# Clutter wont beat me this time.



## doozie (May 21, 2005)

I always planned on getting rid of my clutter, a bunch of nick nacks, kitchen items, things I have not used in ages. I am a former Garagesaleaholic, and Thrift Store shopper. It is hard to say no when they are practically giving things away. (Oh I always wanted one of those.....)
The last 2 weeks I have really hit the basement and closets hard. Donated car loads to the various thrift shops around me. My personal downfall is books, they were everywhere. I had to seriously remind myself the library and internet would cover all my needs for information. 
The problem is, I am also a very good crammer and stacker. It does not look like I have done anything signifigant, but I know there is more floor space in the basement now. 
I can see the backs of some cabinets now, I can walk into my bedroom freely, not having any stacks or clothes or books in the way. I still have a long way to go, but it is getting easier and easier to let go of all the stuff.

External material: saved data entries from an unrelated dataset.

lemma has_bochner_integral_neg_exp_density_exp:
  assumes a: "\<alpha> > 0" and t: "t > - \<alpha>"
  shows "has_bochner_integral lborel (\<lambda>x. neg_exp_density \<alpha> x * exp (t * x)) (\<alpha> / (\<alpha> + t))"
proof -
  let ?f = "\<lambda>x. neg_exp_density \<alpha> x * exp (t * x)"
  have "has_bochner_integral lborel (\<lambda>x. complex_of_real (?f x)) (complex_of_real (\<alpha> / (\<alpha> + t)))"
    using has_bochner_integral_neg_exp_density_cexp[OF a, of "of_real t"] t
    by (simp add: scaleR_conv_of_real exp_of_real flip: of_real_mult)
  then have "integrable lborel (\<lambda>x. complex_of_real (?f x))"
    and "integral\<^sup>L lborel (\<lambda>x. complex_of_real (?f x)) = complex_of_real (\<alpha> / (\<alpha> + t))"
    by (auto intro: has_bochner_integral_integral_eq integrable.intros)
  then show ?thesis
    unfolding has_bochner_integral_iff complex_of_real_integrable_eq integral_complex_of_real
    by (simp only: of_real_eq_iff)
qed

lemma integrable_neg_exp_density_bounded:
  fixes f :: "real \<Rightarrow> 'b::{banach, second_countable_topology}"
  assumes a: "\<alpha> > 0" and f[measurable]: "f \<in> borel_measurable borel"
    and bound: "\<And>x. norm (f x) \<le> B"
  shows "integrable lborel (\<lambda>x. neg_exp_density \<alpha> x *\<^sub>R f x)"
proof (rule Bochner_Integration.integrable_bound)
  show "integrable lborel (\<lambda>x. B * neg_exp_density \<alpha> x)"
    using has_bochner_integral_neg_exp_density_exp[OF a, of 0] a by (auto simp: has_bochner_integral_iff)
  show "AE x in lborel. norm (neg_exp_density \<alpha> x *\<^sub>R f x) \<le> norm (B * neg_exp_density \<alpha> x)"
  proof (intro AE_I2)
    fix x
    have "neg_exp_density \<alpha> x * norm (f x) \<le> neg_exp_density \<alpha> x * B"
      by (rule mult_left_mono[OF bound neg_exp_density_nonneg[OF a]])
    then show "norm (neg_exp_density \<alpha> x *\<^sub>R f x) \<le> norm (B * neg_exp_density \<alpha> x)"
      using neg_exp_density_nonneg[OF a, of x] by (simp add: mult.commute)
  qed
qed measurable

lemma exp_jump_measure_eq_density:
  "\<alpha> > 0 \<Longrightarrow> \<beta> > 0 \<Longrightarrow>
    exp_jump_measure \<alpha> \<beta> = density lborel (\<lambda>x. ennreal (\<beta> * neg_exp_density \<alpha> x))"
  unfolding exp_jump_measure_def neg_exp_density_def
  by (intro density_cong) (auto simp: indicator_def)

lemma levy_exponent_exp_jump:
  assumes a: "\<alpha> > 0" and b: "\<beta> > 0"
    and drift: "A = p + (LINT x|exp_jump_measure \<alpha> \<beta>. x * indicator {y. \<bar>y\<bar> < 1} x)"
  shows "levy_exponent A s (exp_jump_measure \<alpha> \<beta>) l =
     \<i> * of_real (p * l) - of_real (s / 2 * l\<^sup>2) + \<beta> * \<alpha> / (\<alpha> + \<i> * l) - \<beta>"
proof -
  define trunc where "trunc x = x * indicator {y. \<bar>y\<bar> < 1} x" for x :: real
  define J where "J = (LINT x|lborel. neg_exp_density \<alpha> x *\<^sub>R trunc x)"
  have [measurable]: "trunc \<in> borel_measurable borel"
    unfolding trunc_def by measurable
  have nonneg: "AE x in lborel. 0 \<le> \<beta> * neg_exp_density \<alpha> x"
    using b neg_exp_density_nonneg[OF a] by auto
  have "integrable lborel (\<lambda>x. neg_exp_density \<alpha> x *\<^sub>R trunc x)"
    by (rule integrable_neg_exp_density_bounded[OF a, where B=1])
      (auto simp: trunc_def indicator_def)
  then have int_trunc: "has_bochner_integral lborel
      (\<lambda>x. neg_exp_density \<alpha> x *\<^sub>R complex_of_real (trunc x)) (of_real J)"
    unfolding J_def
    by (subst scaleR_conv_of_real, subst of_real_mult[symmetric], intro has_bochner_integral_of_real)
      (simp add: has_bochner_integral_iff)
  have A: "A = p + \<beta> * J"
    unfolding drift J_def exp_jump_measure_eq_density[OF a b] trunc_def[symmetric]
    by (subst integral_density) (use nonneg in \<open>auto simp: mult.assoc\<close>)
  have "has_bochner_integral lborel
     (\<lambda>x. of_real \<beta> * (neg_exp_density \<alpha> x *\<^sub>R exp ((\<i> * of_real l) * of_real x)
        - neg_exp_density \<alpha> x *\<^sub>R (1::complex)
        - (\<i> * of_real l) * (neg_exp_density \<alpha> x *\<^sub>R complex_of_real (trunc x))))
     (of_real \<beta> * (\<alpha> / (\<alpha> + \<i> * l) - 1 - (\<i> * of_real l) * of_real J))"
    using has_bochner_integral_neg_exp_density_cexp[OF a, of "\<i> * of_real l"]
      has_bochner_integral_neg_exp_density_cexp[OF a, of 0] a
    by (intro has_bochner_integral_mult_right has_bochner_integral_diff int_trunc) auto
  then have "has_bochner_integral lborel
     (\<lambda>x. (\<beta> * neg_exp_density \<alpha> x) *\<^sub>R (exp (\<i> * complex_of_real (l * x)) - 1
        - \<i> * complex_of_real (l * trunc x)))
     (\<beta> * (\<alpha> / (\<alpha> + \<i> * l) - 1 - (\<i> * of_real l) * of_real J))"
    by (rule has_bochner_integral_cong[THEN iffD1, rotated -1])
      (auto simp: scaleR_conv_of_real algebra_simps)
  then have "(CLINT x|exp_jump_measure \<alpha> \<beta>. exp (\<i> * complex_of_real (l * x)) - 1
                     - \<i> * complex_of_real (l * x * indicator {y. \<bar>y\<bar> < 1} x))
     = \<beta> * (\<alpha> / (\<alpha> + \<i> * l) - 1 - (\<i> * of_real l) * of_real J)"
    unfolding exp_jump_measure_eq_density[OF a b] mult.assoc trunc_def[symmetric]
    by (subst integral_density) (use nonneg in \<open>auto simp: has_bochner_integral_iff\<close>)
  then show ?thesis
    unfolding levy_exponent_def A by (simp add: algebra_simps)
qed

We had a death in the family last year, we were the ones in charge of the disposal of a whole house, it was unbelievable how much stuff one person can hold on to.
I wont leave that big of a job for my kids if I can help it. 
Does anyone here live as a minimalist? What led you to that lifestyle.


----------



## bama (Aug 21, 2011)

i wish i was. as it is, i feel like i am teetering on the verge of early "hoarder-ism". 

i am a pack rat, and while i get rid of tons of stuff, i cannot seem to stay on top of it. 

i want to reduce down to basically nothing, but i will be the first to admit that it is hard for me particularly in the kitchen. i do so love my kitchen stuff.


----------



## Ardie/WI (May 10, 2002)

Since I haven't been upstairs for a good many years now(I'm disabled), I had no idea what was up there anymore. DH started boxes which I went through.

One pile was Good Will, one was the dump or to burn and a few things got saved. My motto is "if we haven't used it in two years, out it goes" I have been brutal and it feels great!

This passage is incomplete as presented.